After performing an operation on a data frame for several columns I want to "concatenate / join" all the results on the original frame.
In pandas
this could be achieved via the index pd.concat(axis=1)
. How should I port this to spark?
It would be nice if it is not required to list all the columns as join columns.
val input = Seq(
(0, "A", "B", "C", "D"),
(1, "A", "B", "C", "D"),
(0, "d", "a", "jkl", "d"),
(0, "d", "g", "C", "D"),
(1, "A", "d", "t", "k"),
(1, "d", "c", "C", "D"),
(1, "c", "B", "C", "D")
).toDF("TARGET", "col1", "col2", "col3TooMany", "col4")
And a computation defined like
def handlePercentage(col:String, df: DataFrame, inputToDrop: Seq[String] = inputToDrop,
inputToBias: Seq[String] = inputToBias, target:String = "TARGET"): DataFrame = {
val pre1_1 = df.groupBy(col).agg(mean(target).alias("pre_" + col))
val pre2_1 = df.groupBy(col, target).agg(count("*") / df.filter(df(target) === 1).count alias ("pre2_" + col))
df.join(pre1_1, Seq(col)).join(pre2_1, Seq(col, target))
}
The output for a function call is shown below.
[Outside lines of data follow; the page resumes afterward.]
text \<open>A simple module is spanned by the words \<open>b\<^sub>1 (\<cdots> (b\<^sub>k v))\<close> in a countable spanning set of
  \<open>L\<close> applied to any \<open>v \<noteq> 0\<close>.\<close>
lemma countable_span_if_simple_module:
  fixes act :: "'l::ab_group_add \<Rightarrow> 'v::ab_group_add \<Rightarrow> 'v"
  assumes "vector_space sL" "countable B" "module.span sL B = UNIV"
    and bilinear: "bilinear_map sL s s act" and simple: "simple_module s act UNIV"
  shows "\<exists>C. countable C \<and> module.span s C = UNIV"
proof -
  interpret V: vector_space s
    using bilinear unfolding bilinear_map_def Vector_Spaces.linear_iff by blast
  obtain v :: 'v where "v \<noteq> 0"
    using simple unfolding simple_module_def by blast
  define C where "C = (\<lambda>bs. foldr act bs v) ` lists B"
  have "submodule s act UNIV (V.span C)"
    unfolding C_def by (rule submodule_span_words[OF assms(1,3) bilinear])
  moreover have "v \<in> V.span C"
    unfolding C_def by (intro V.span_base image_eqI[where x = "[]"]) simp_all
  ultimately have "V.span C = UNIV"
    using simple \<open>v \<noteq> 0\<close> unfolding simple_module_def by blast
  moreover have "countable C"
    unfolding C_def using \<open>countable B\<close> by simp
  ultimately show ?thesis
    by (intro exI[where x = C] conjI)
qed

lemma exists_linear_functional_eq_1:
  assumes "vector_space s" "v \<noteq> 0"
  shows "\<exists>f. Vector_Spaces.linear s (*) f \<and> f v = (1 :: complex)"
proof -
  have "vector_space ((*) :: complex \<Rightarrow> complex \<Rightarrow> complex)"
    by unfold_locales (simp_all add: algebra_simps)
  with assms(1) interpret vector_space_pair s "(*) :: complex \<Rightarrow> complex \<Rightarrow> complex"
    by (simp add: vector_space_pair_def)
  have "vs1.independent {v}"
    using \<open>v \<noteq> 0\<close> by simp
  from linear_independent_extend[OF this, of "\<lambda>_. 1"] show ?thesis
    by auto
qed

lemma tens_neq_0_if_tensor_product:
  assumes "is_tensor_product s1 s2 sW tens" "vector_space s1" "vector_space s2"
    and "x \<noteq> 0" "y \<noteq> 0"
  shows "tens x y \<noteq> 0"
proof -
  obtain f1 f2 where f: "Vector_Spaces.linear s1 (*) f1" "f1 x = 1" "Vector_Spaces.linear s2 (*) f2" "f2 y = 1"
    using exists_linear_functional_eq_1 assms(2-5) by metis
  then have "bilinear_map s1 s2 (*) (\<lambda>x y. f1 x * f2 y)"
    unfolding bilinear_map_def Vector_Spaces.linear_iff by (auto simp: algebra_simps)
  then obtain \<Phi> where \<Phi>: "Vector_Spaces.linear sW (*) \<Phi>" "\<And>x y. \<Phi> (tens x y) = f1 x * f2 y"
    using assms(1) unfolding is_tensor_product_def by blast
  interpret vector_space_pair sW "(*) :: complex \<Rightarrow> complex \<Rightarrow> complex"
    using \<Phi>(1) unfolding Vector_Spaces.linear_iff vector_space_pair_def by blast
  have "\<Phi> (tens x y) \<noteq> \<Phi> 0"
    using \<Phi> f linear_0[OF \<Phi>(1)] by simp
  then show ?thesis
    by metis
qed

lemma simple_module_ann_set:
  assumes V1: "lie_module sL br s1 act1"
    and cond: "(simple_module s1 act1 UNIV \<and>
                 (\<forall>v S. finite S \<longrightarrow> {a + b | a b. a \<in> ann act1 v \<and> b \<in> ann_set act2 S} = UNIV))
             \<or> (\<forall>S. finite S \<longrightarrow> simple_module s1 act1 (ann_set act2 S))"
    and "finite S"
  shows "simple_module s1 act1 (ann_set act2 S)"
  using cond
proof (elim disjE conjE)
  assume simple1: "simple_module s1 act1 UNIV"
    and decompose: "\<forall>v S. finite S \<longrightarrow> {a + b | a b. a \<in> ann act1 v \<and> b \<in> ann_set act2 S} = UNIV"
  have "\<forall>a b v. act1 (a + b) v = act1 a v + act1 b v"
    using V1 unfolding lie_module_def bilinear_map_def Vector_Spaces.linear_iff by blast
  then show ?thesis
    using simple1 by (rule simple_module_if_ann_sum_eq_UNIV) (use decompose \<open>finite S\<close> in blast)
next
  assume "\<forall>S. finite S \<longrightarrow> simple_module s1 act1 (ann_set act2 S)"
  then show ?thesis
    using \<open>finite S\<close> by blast
qed

theorem theorem7:
  fixes sL :: "complex \<Rightarrow> 'l::ab_group_add \<Rightarrow> 'l" and br :: "'l \<Rightarrow> 'l \<Rightarrow> 'l"
    and s1 :: "complex \<Rightarrow> 'v1::ab_group_add \<Rightarrow> 'v1" and act1 :: "'l \<Rightarrow> 'v1 \<Rightarrow> 'v1"
    and s2 :: "complex \<Rightarrow> 'v2::ab_group_add \<Rightarrow> 'v2" and act2 :: "'l \<Rightarrow> 'v2 \<Rightarrow> 'v2"
    and sW :: "complex \<Rightarrow> 'w::ab_group_add \<Rightarrow> 'w" and tens :: "'v1 \<Rightarrow> 'v2 \<Rightarrow> 'w"
    and actW :: "'l \<Rightarrow> 'w \<Rightarrow> 'w"
  assumes L: "lie_algebra sL br" and cb: "countable_basis sL"
    and V1: "lie_module sL br s1 act1" and V2: "lie_module sL br s2 act2"
    and W: "is_tensor_product s1 s2 sW tens"
    and actW_lin: "\<forall>g. Vector_Spaces.linear sW sW (actW g)"
    and actW_tens: "\<forall>g v w. actW g (tens v w) = tens (act1 g v) w + tens v (act2 g w)"
    and cond: "(simple_module s1 act1 UNIV \<and>
                 (\<forall>v S. finite S \<longrightarrow>
                    {a + b | a b. a \<in> ann act1 v \<and> b \<in> ann_set act2 S} = UNIV))
             \<or> (\<forall>S. finite S \<longrightarrow> simple_module s1 act1 (ann_set act2 S))"
  shows "(\<forall>U. submodule sW actW UNIV U \<longrightarrow>
            (\<exists>V2'. submodule s2 act2 UNIV V2' \<and>
                   U = module.span sW {tens v w | v w. w \<in> V2'}))
       \<and> (simple_module s1 act1 UNIV \<and> simple_module s2 act2 UNIV
            \<longrightarrow> simple_module sW actW UNIV)"
proof -
  have vsL: "vector_space sL" and vs1: "vector_space s1" and vs2: "vector_space s2"
    and bilinear1: "bilinear_map sL s1 s1 act1"
    using L V1 V2 unfolding lie_algebra_def lie_module_def by blast+
  have simple_ann: "\<forall>S. finite S \<longrightarrow> simple_module s1 act1 (ann_set act2 S)"
    by (intro allI impI simple_module_ann_set[OF V1 cond])
  have simple1: "simple_module s1 act1 UNIV"
    using simple_ann[rule_format, of "{}"] by (simp add: ann_set_def)
  obtain B where "countable B" "module.span sL B = UNIV"
    using cb unfolding countable_basis_def by blast
  then obtain C where C: "countable C" "module.span s1 C = UNIV"
    using countable_span_if_simple_module[OF vsL _ _ bilinear1 simple1] by blast
  interpret tensor_of_modules s1 s2 sW act1 act2 tens actW
    using vs1 vs2 W actW_lin actW_tens bilinear1
    unfolding tensor_of_modules_def tensor_of_modules_axioms_def is_tensor_product_def bilinear_map_def
    by (intro conjI) simp_all
  show ?thesis
  proof (intro conjI allI impI)
    fix U assume U: "submodule sW actW UNIV U"
    show "\<exists>V2'. submodule s2 act2 UNIV V2' \<and> U = W.span {tens v w | v w. w \<in> V2'}"
      using submodule_right_factor[OF U] submodule_eq_span_right_factor[OF U C simple_ann]
      by (intro exI[where x = "right_factor U"] conjI)
  next
    assume "simple_module s1 act1 UNIV \<and> simple_module s2 act2 UNIV"
    then obtain x :: 'v1 and y :: 'v2 where "x \<noteq> 0" "y \<noteq> 0" and simple2: "simple_module s2 act2 UNIV"
      unfolding simple_module_def by blast
    then show "simple_module sW actW UNIV"
      by (intro simple_module_tensor[OF C simple_ann simple2] tens_neq_0_if_tensor_product[OF W vs1 vs2])
  qed
qed

end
handlePercentage("col1", input).join(handlePercentage("col2", input), Seq("col1", "col2", "TARGET ", "col3TooMany", "col4")).show
+----+----+----------+-----------+----+------------------+---------+------------------+---------+
|col1|col2|TARGET |col3TooMany|col4| pre_col1|pre2_col1| pre_col2|pre2_col2|
+----+----+----------+-----------+----+------------------+---------+------------------+---------+
| A| B| 0| C| D|0.6666666666666666| 0.25|0.6666666666666666| 0.25|
| c| B| 1| C| D| 1.0| 0.25|0.6666666666666666| 0.5|
| A| d| 1| t| k|0.6666666666666666| 0.5| 1.0| 0.25|
| d| c| 1| C| D|0.3333333333333333| 0.25| 1.0| 0.25|
| d| a| 0| jkl| d|0.3333333333333333| 0.5| 0.0| 0.25|
| d| g| 0| C| D|0.3333333333333333| 0.5| 0.0| 0.25|
| A| B| 1| C| D|0.6666666666666666| 0.5|0.6666666666666666| 0.5|
+----+----+----------+-----------+----+------------------+---------+------------------+---------+
This operation is rather slow when I join around 40 columns. How could I concatenate them with an index? Or perform this operation quicker in a different way? I believe that my join (which is using a lot of attributes) is rather slow. How to zip two(or more) DataFrame in Spark is a similar problem, but there the columns are calculated up front and the whole schema is merged whereas I want to obtain only the current column.
I noticed that spark tends to waste a lot of time in the garbage collection.